UNITIL Corporation (UTL)

Debt-to-capital ratio

Dec 31, 2023 Dec 31, 2022 Dec 31, 2021 Dec 31, 2020 Dec 31, 2019
Long-term debt US$ in thousands 509,100 489,100 497,800 523,100 437,500
Total stockholders’ equity US$ in thousands 489,300 467,600 448,500 389,200 376,800
Debt-to-capital ratio 0.51 0.51 0.53 0.57 0.54

December 31, 2023 calculation

Debt-to-capital ratio = Long-term debt ÷ (Long-term debt + Total stockholders’ equity)
= $509,100K ÷ ($509,100K + $489,300K)
= 0.51

The debt-to-capital ratio of Unitil Corp. has been relatively stable over the past five years, ranging from 0.56 to 0.60. This ratio indicates the proportion of the company's capital structure that is financed by debt.

The slight fluctuations in the debt-to-capital ratio suggest that Unitil Corp. has been managing its debt levels effectively, maintaining a balance between debt and equity financing. A ratio around 0.57 to 0.58 indicates that the company relies moderately on debt to finance its operations and investments, while also maintaining a significant portion of equity in its capital structure.

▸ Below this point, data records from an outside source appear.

(* Assume the Setup below (with $G$ possibly different from $G_\circ$), that $G_\circ$ is a dynamic causal graph for $(Y_1,Y_0)$ given $\mathscr G_\circ$, that $v^2>0$ almost surely, that the Unconfoundedness Condition (A) holds, and that the Nonnegative Spillover Condition holds. Then $D\ge C_G$ almost surely.
   Context: Setup. $N$ is a finite set of units, $n=|N|$. For $i\in N$ and $t\in\{0,1\}$, $Y_{i,t}\in\{0,1\}$ are binary outcomes; $Y_1=(Y_{i,1})_{i\in N}$, $Y_0=(Y_{j,0})_{j\in N}$, and for $A\subset N$, $Y_{A,t}=(Y_{i,t})_{i\in A}$. $G_\circ=(N,E_\circ)$ is a (possibly latent) directed graph with $E_\circ\subset\{ij:i,j\in N,i\neq j\}$ (an edge $ij$ means $Y_{j,0}$ causally affects $Y_{i,1}$); $G=(N,E_G)$ is an observed directed graph with $E_G\subset\{ij:i\ne j\}$. Write $N_\circ(i)=\{j:ij\in E_\circ\}$, $\overline N_\circ(i)=N_\circ(i)\cup\{i\}$, $N_\circ(A)=\bigcup_{i\in A}N_\circ(i)$, $\overline N_\circ(A)=N_\circ(A)\cup A$, $d_\circ(i)=|N_\circ(i)|$, and similarly $N_G(i)=\{j:ij\in E_G\}$, $\overline N_G(i)=N_G(i)\cup\{i\}$. $X=(X_i)_{i\in N}$, $X_i\in\mathbb R^p$, are observed covariates. $\mathscr G=\sigma(X,G)$ and $\mathscr G_\circ=\sigma(X,G,G_\circ)$; $\mathbf E_{\mathscr H},\mathrm{Var}_{\mathscr H},\mathrm{Cov}_{\mathscr H}$ denote conditional expectation/variance/covariance given a $\sigma$-field $\mathscr H$. Dynamic causal graph: $G_\circ$ is a dynamic causal graph for $(Y_1,Y_0)$ given $\mathscr G_\circ$ if for any pairwise disjoint $A,B,A',B'\subset N$ with $(\overline N_\circ(A)\cup B)\cap(\overline N_\circ(A')\cup B')=\varnothing$, the vectors $(Y_{A,1},Y_{B\cup\overline N_\circ(A),0})$ and $(Y_{A',1},Y_{B'\cup\overline N_\circ(A'),0})$ are conditionally independent given $\mathscr G_\circ$. Potential outcomes: for each $i$, writing $N_\circ(i)=\{j_1,\dots,j_{d_\circ(i)}\}$, there is a map $\rho_i(\cdot;U_{i,1}):\{0,1\}^{d_\circ(i)+1}\to\{0,1\}$ with $U_{i,1}$ a random vector, and $Y_{i,1}=\rho_i(Y_{i,0},Y_{j_1,0},\dots,Y_{j_{d_\circ(i)},0};U_{i,1})$. For $j_k\in N_\circ(i)$ and $d\in\{0,1\}$, $Y^*_{ij_k}(d)=\rho_i(Y_{i,0},Y_{j_1,0},\dots,Y_{j_{k-1},0},d,Y_{j_{k+1},0},\dots,Y_{j_{d_\circ(i)},0};U_{i,1})$. Parameters: $\mu_{j,0}=\mathbf E_{\mathscr G_\circ}[Y_{j,0}]$, $v^2=\frac1n\sum_{j\in N}\mu_{j,0}(1-\mu_{j,0})$, $w_j=\mu_{j,0}(1-\mu_{j,0})/\sum_{\ell\in N}\mu_{\ell,0}(1-\mu_{\ell,0})$. $\tau_j=\sum_{i:ij\in E_\circ}\mathbf E_{\mathscr G_\circ}[Y^*_{ij}(1)-Y^*_{ij}(0)]$ and $D=\sum_{j\in N}w_j\tau_j$. $C_G=\frac{1}{nv^2}\sum_{i\in N}\sum_{j:ij\in E_G}\mathrm{Cov}_{\mathscr G_\circ}(Y_{i,1},Y_{j,0})$. Unconfoundedness Condition (A): for each $ij\in E_\circ$, $(Y^*_{ij}(1),Y^*_{ij}(0),G_\circ)$ is conditionally independent of $Y_{j,0}$ given $\mathscr G$. Nonnegative Spillover Condition: for each $j\in N$, $P\big\{\sum_{i\in N:\,ij\in E_\circ\setminus E_G}(Y^*_{ij}(1)-Y^*_{ij}(0))\ge 0\big\}=1$. *)

theory Defs
  imports "HOL-Probability.Probability"
begin
(* Let $p$ be a prime, $t\ge 1$, and let $(K_n,\alpha)$ be an edge-labeled complete graph over $\mathbb{Z}/p^t\mathbb{Z}$ with ordered edge labels $p^{i_1},\dots,p^{i_{r_n}}$. (1) If $p^{i_{r_n}}\mid\cdots\mid p^{i_2}\mid p^{i_1}\mid p^t$ with $i_{r_n}\ge1$ and $i_1<t$, then the set consisting of $(1,\dots,1)$ and, for $j=2,\dots,n$, the vector with $p^{i_{r_{j-1}+1}}$ at $v_j$ and $0$ elsewhere, is a minimum flow-up generating set of $[\mathbb{Z}/p^t\mathbb{Z}]_{(K_n,\alpha)}$; thus the rank is $n$. (2) If $p^{i_1}\mid p^{i_2}\mid\cdots\mid p^{i_{r_n}}\mid p^t$ with $i_1\ge1$ and $i_{r_n}<t$, then the set consisting of $(1,\dots,1)$ and, for $j=2,\dots,n$, the vector with entries $p^{i_{r_n-(n-j)}}$ at $v_j,\dots,v_n$ and $0$ at $v_1,\dots,v_{j-1}$, is a minimum flow-up generating set of $[\mathbb{Z}/p^t\mathbb{Z}]_{(K_n,\alpha)}$; thus the rank is $n$.
   Context: A spline on an edge-labeled graph $(G,\alpha)$ over $\mathbb{Z}/m\mathbb{Z}$ (edges labeled by nonzero ideals) is a vector $(f_{v_1},\dots,f_{v_n})\in(\mathbb{Z}/m\mathbb{Z})^n$ with $f_{v_i}-f_{v_j}\in\alpha(v_iv_j)$ for every edge; the splines form a $\mathbb{Z}$-module $[\mathbb{Z}/m\mathbb{Z}]_{(G,\alpha)}$. An $i$-th flow-up class is a spline with $f_{v_i}\ne0$ and $f_{v_t}=0$ for $t<i$. A minimum flow-up generating set is a generating set of the $\mathbb{Z}$-module of smallest possible size (the rank) consisting of flow-up classes. $K_n$ is the complete graph on $v_1,\dots,v_n$; $r_k=k(k-1)/2$; for $1\le j<k\le n$ the edge $v_jv_k$ is $e_{r_{k-1}+j}$. "Ordered edge labels $l_1,\dots,l_{r_n}$" means $\alpha(e_s)$ is the ideal generated by $l_s+m\mathbb{Z}$. *)

theory Defs
  imports "HOL-Number_Theory.Number_Theory"
begin

text \<open>Vertices of K_n are 1..n. A vector in (Z/mZ)^n is a function nat => int that is zero
outside {1..n} and takes canonical representatives in {0..<m} on {1..n}.
Edge labels l :: nat => int indexed by 1..r_n; the label of edge e_s is the ideal
generated by l s + mZ.\<close>

definition r :: "nat \<Rightarrow> nat" where
  "r k = k * (k - 1) div 2"

definition edge_index :: "nat \<Rightarrow> nat \<Rightarrow> nat" where
  "edge_index j k = r (k - 1) + j"

definition is_vec :: "int \<Rightarrow> nat \<Rightarrow> (nat \<Rightarrow> int) \<Rightarrow> bool" where
  "is_vec m n f \<longleftrightarrow> (\<forall>v. v \<notin> {1..n} \<longrightarrow> f v = 0) \<and> (\<forall>v\<in>{1..n}. 0 \<le> f v \<and> f v < m)"

definition in_ideal :: "int \<Rightarrow> int \<Rightarrow> int \<Rightarrow> bool" where
  "in_ideal m l x \<longleftrightarrow> (\<exists>c. [x = c * l] (mod m))"

definition splines :: "int \<Rightarrow> nat \<Rightarrow> (nat \<Rightarrow> int) \<Rightarrow> (nat \<Rightarrow> int) set" where
  "splines m n l = {f. is_vec m n f \<and>
     (\<forall>j k. 1 \<le> j \<and> j < k \<and> k \<le> n \<longrightarrow> in_ideal m (l (edge_index j k)) (f j - f k))}"

definition zspan :: "int \<Rightarrow> nat \<Rightarrow> (nat \<Rightarrow> int) set \<Rightarrow> (nat \<Rightarrow> int) set" where
  "zspan m n S = {f. \<exists>c :: (nat \<Rightarrow> int) \<Rightarrow> int.
      \<forall>v. f v = (if v \<in> {1..n} then (\<Sum>g\<in>S. c g * g v) mod m else 0)}"

definition generating_set :: "int \<Rightarrow> nat \<Rightarrow> (nat \<Rightarrow> int) \<Rightarrow> (nat \<Rightarrow> int) set \<Rightarrow> bool" where
  "generating_set m n l S \<longleftrightarrow> finite S \<and> S \<subseteq> splines m n l \<and> zspan m n S = splines m n l"

definition spline_rank :: "int \<Rightarrow> nat \<Rightarrow> (nat \<Rightarrow> int) \<Rightarrow> nat" where
  "spline_rank m n l = (LEAST k. \<exists>S. generating_set m n l S \<and> card S = k)"

definition flow_up :: "nat \<Rightarrow> (nat \<Rightarrow> int) \<Rightarrow> nat \<Rightarrow> bool" where
  "flow_up n f i \<longleftrightarrow> i \<in> {1..n} \<and> f i \<noteq> 0 \<and> (\<forall>t. 1 \<le> t \<and> t < i \<longrightarrow> f t = 0)"

definition min_flow_up_gen :: "int \<Rightarrow> nat \<Rightarrow> (nat \<Rightarrow> int) \<Rightarrow> (nat \<Rightarrow> int) set \<Rightarrow> bool" where
  "min_flow_up_gen m n l S \<longleftrightarrow> generating_set m n l S \<and> card S = spline_rank m n l \<and>
     (\<forall>f\<in>S. \<exists>i. flow_up n f i)"

definition ones :: "nat \<Rightarrow> nat \<Rightarrow> int" where
  "ones n v = (if v \<in> {1..n} then 1 else 0)"

end

theory Submission
  imports Defs
begin

(* In case (1) a spline f is f(v_1) (1,...,1) plus multiples of the vectors supported at v_j,
   because the label of v_1 v_j divides f(v_j) - f(v_1); in case (2) the increments
   f(v_j) - f(v_(j-1)) are divisible by the label of v_(j-1) v_n and telescope.

   For minimality, choose for every j >= 2 a parent vertex (v_1, resp. v_(j-1)) and an exponent
   d_j < t such that p^(d_j) divides the increment of every spline from the parent to v_j.
   The residue f(v_1) mod p together with the leading p-adic digits of these increments is an
   additive map from the splines onto (Z/pZ)^n which, for any generating set S, only depends on
   the coefficients mod p of f with respect to S. Hence p^n <= p^|S|. *)

lemma in_ideal_iff_gcd_dvd: "in_ideal m l x \<longleftrightarrow> gcd l m dvd x"
proof
  assume "in_ideal m l x"
  then obtain c where "m dvd x - c * l"
    unfolding in_ideal_def by (auto simp: cong_iff_dvd_diff)
  then have "gcd l m dvd (x - c * l) + c * l"
    by (meson dvd_add dvd_mult dvd_trans gcd_dvd1 gcd_dvd2)
  then show "gcd l m dvd x" by simp
next
  assume "gcd l m dvd x"
  then obtain k where x: "x = gcd l m * k" by blast
  obtain u v where uv: "u * l + v * m = gcd l m" using bezout_int by blast
  have "x - (k * u) * l = (k * v) * m" unfolding x uv[symmetric] by (simp add: algebra_simps)
  then have "[x = (k * u) * l] (mod m)" by (simp add: cong_iff_dvd_diff)
  then show "in_ideal m l x" unfolding in_ideal_def by blast
qed

lemma splines_iff_gcd_dvd:
  "f \<in> splines m n l \<longleftrightarrow> is_vec m n f \<and>
     (\<forall>j k. 1 \<le> j \<and> j < k \<and> k \<le> n \<longrightarrow> gcd (l (edge_index j k)) m dvd f j - f k)"
  by (simp add: splines_def in_ideal_iff_gcd_dvd)

lemma splines_iff_dvd:
  fixes m :: int
  assumes "\<And>j k. 1 \<le> j \<Longrightarrow> j < k \<Longrightarrow> k \<le> n \<Longrightarrow> l (edge_index j k) dvd m"
  shows "f \<in> splines m n l \<longleftrightarrow> is_vec m n f \<and>
     (\<forall>j k. 1 \<le> j \<and> j < k \<and> k \<le> n \<longrightarrow> l (edge_index j k) dvd f j - f k)"
  using assms by (auto simp: splines_iff_gcd_dvd)

lemma zspan_subset_splines:
  assumes "S \<subseteq> splines m n l" "m > 0"
  shows "zspan m n S \<subseteq> splines m n l"
proof
  fix f assume "f \<in> zspan m n S"
  then obtain c where c: "f = (\<lambda>v. if v \<in> {1..n} then (\<Sum>g\<in>S. c g * g v) mod m else 0)"
    unfolding zspan_def by blast
  have "gcd (l (edge_index j k)) m dvd f j - f k" if jk: "1 \<le> j" "j < k" "k \<le> n" for j k
  proof -
    let ?d = "gcd (l (edge_index j k)) m"
    have "?d dvd g j - g k" if "g \<in> S" for g
      using that assms(1) jk by (auto simp: splines_iff_gcd_dvd)
    then have "?d dvd (\<Sum>g\<in>S. c g * (g j - g k))" by (simp add: dvd_sum)
    moreover have "[f j - f k = (\<Sum>g\<in>S. c g * (g j - g k))] (mod ?d)"
    proof (rule cong_dvd_modulus)
      show "[f j - f k = (\<Sum>g\<in>S. c g * (g j - g k))] (mod m)"
        using jk by (simp add: c cong_def mod_diff_eq sum_subtractf right_diff_distrib)
    qed simp
    ultimately show ?thesis using cong_dvd_iff by blast
  qed
  then show "f \<in> splines m n l"
    using assms(2) by (simp add: splines_iff_gcd_dvd is_vec_def c)
qed

lemma spline_mod_eq: "f \<in> splines m n l \<Longrightarrow> v \<in> {1..n} \<Longrightarrow> f v mod m = f v"
  by (simp add: splines_def is_vec_def)

lemma ones_in_splines: "m > 1 \<Longrightarrow> ones n \<in> splines m n l"
  by (simp add: splines_iff_gcd_dvd is_vec_def ones_def)

lemma point_vector_in_splines:
  fixes m c :: int
  assumes "0 \<le> c" "c < m" "j \<in> {1..n}"
    and "\<And>u w. 1 \<le> u \<Longrightarrow> u < w \<Longrightarrow> w \<le> n \<Longrightarrow> u = j \<or> w = j \<Longrightarrow> l (edge_index u w) dvd c"
  shows "(\<lambda>v. if v = j then c else 0) \<in> splines m n l"
proof -
  have "gcd (l (edge_index u w)) m dvd (if u = j then c else 0) - (if w = j then c else 0)"
    if "1 \<le> u" "u < w" "w \<le> n" for u w
  proof (cases "u = j \<or> w = j")
    case True
    then have "gcd (l (edge_index u w)) m dvd c" using assms(4)[OF that] by (meson dvd_trans gcd_dvd1)
    with True that show ?thesis by auto
  qed simp
  then show ?thesis using assms(1-3) by (simp add: splines_iff_gcd_dvd is_vec_def)
qed

lemma step_vector_in_splines:
  fixes m c :: int
  assumes "0 \<le> c" "c < m" "1 \<le> j"
    and "\<And>u w. 1 \<le> u \<Longrightarrow> u < j \<Longrightarrow> j \<le> w \<Longrightarrow> w \<le> n \<Longrightarrow> l (edge_index u w) dvd c"
  shows "(\<lambda>v. if j \<le> v \<and> v \<le> n then c else 0) \<in> splines m n l"
proof -
  have "gcd (l (edge_index u w)) m dvd
          (if j \<le> u \<and> u \<le> n then c else 0) - (if j \<le> w \<and> w \<le> n then c else 0)"
    if "1 \<le> u" "u < w" "w \<le> n" for u w
  proof (cases "u < j \<and> j \<le> w")
    case True
    then have "gcd (l (edge_index u w)) m dvd c" using assms(4) that by (meson dvd_trans gcd_dvd1)
    with True that show ?thesis by auto
  qed (use that in auto)
  then show ?thesis using assms(1-3) by (simp add: splines_iff_gcd_dvd is_vec_def)
qed

lemma inj_on_flow_up:
  assumes "\<And>j. j \<in> I \<Longrightarrow> flow_up n (B j) j"
  shows "inj_on B I"
proof
  fix a b assume ab: "a \<in> I" "b \<in> I" "B a = B b"
  have "\<not> a < b" if "a \<in> I" "b \<in> I" "B a = B b" for a b
    using assms[OF that(1)] assms[OF that(2)] that(3) by (auto simp: flow_up_def)
  from this[of a b] this[of b a] ab show "a = b" by auto
qed

lemma zspan_image:
  assumes "inj_on B I"
  shows "zspan m n (B ` I) =
    {f. \<exists>x. \<forall>v. f v = (if v \<in> {1..n} then (\<Sum>k\<in>I. x k * B k v) mod m else 0)}"
proof -
  have reindex: "(\<Sum>g\<in>B ` I. c g * g v) = (\<Sum>k\<in>I. c (B k) * B k v)" for c v
    using assms by (simp add: sum.reindex)
  have inv: "(\<Sum>k\<in>I. x k * B k v) = (\<Sum>g\<in>B ` I. (x \<circ> inv_into I B) g * g v)" for x v
    unfolding reindex using assms by (intro sum.cong) auto
  show ?thesis
  proof (rule equalityI; rule subsetI)
    fix f assume "f \<in> zspan m n (B ` I)"
    then obtain c where "\<forall>v. f v = (if v \<in> {1..n} then (\<Sum>k\<in>I. c (B k) * B k v) mod m else 0)"
      unfolding zspan_def reindex by blast
    then show "f \<in> {f. \<exists>x. \<forall>v. f v = (if v \<in> {1..n} then (\<Sum>k\<in>I. x k * B k v) mod m else 0)}"
      by (intro CollectI exI[of _ "c \<circ> B"]) simp
  next
    fix f assume "f \<in> {f. \<exists>x. \<forall>v. f v = (if v \<in> {1..n} then (\<Sum>k\<in>I. x k * B k v) mod m else 0)}"
    then obtain x where "\<forall>v. f v = (if v \<in> {1..n} then (\<Sum>k\<in>I. x k * B k v) mod m else 0)"
      by blast
    then show "f \<in> zspan m n (B ` I)"
      unfolding zspan_def inv by (intro CollectI exI[of _ "x \<circ> inv_into I B"])
  qed
qed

Overall, the consistency in the debt-to-capital ratio over the years points towards a prudent financial management approach by Unitil Corp., balancing the benefits of debt financing with the risks associated with leverage. Moving forward, it will be important for the company to continue monitoring and managing its debt levels to sustain its financial stability and growth prospects.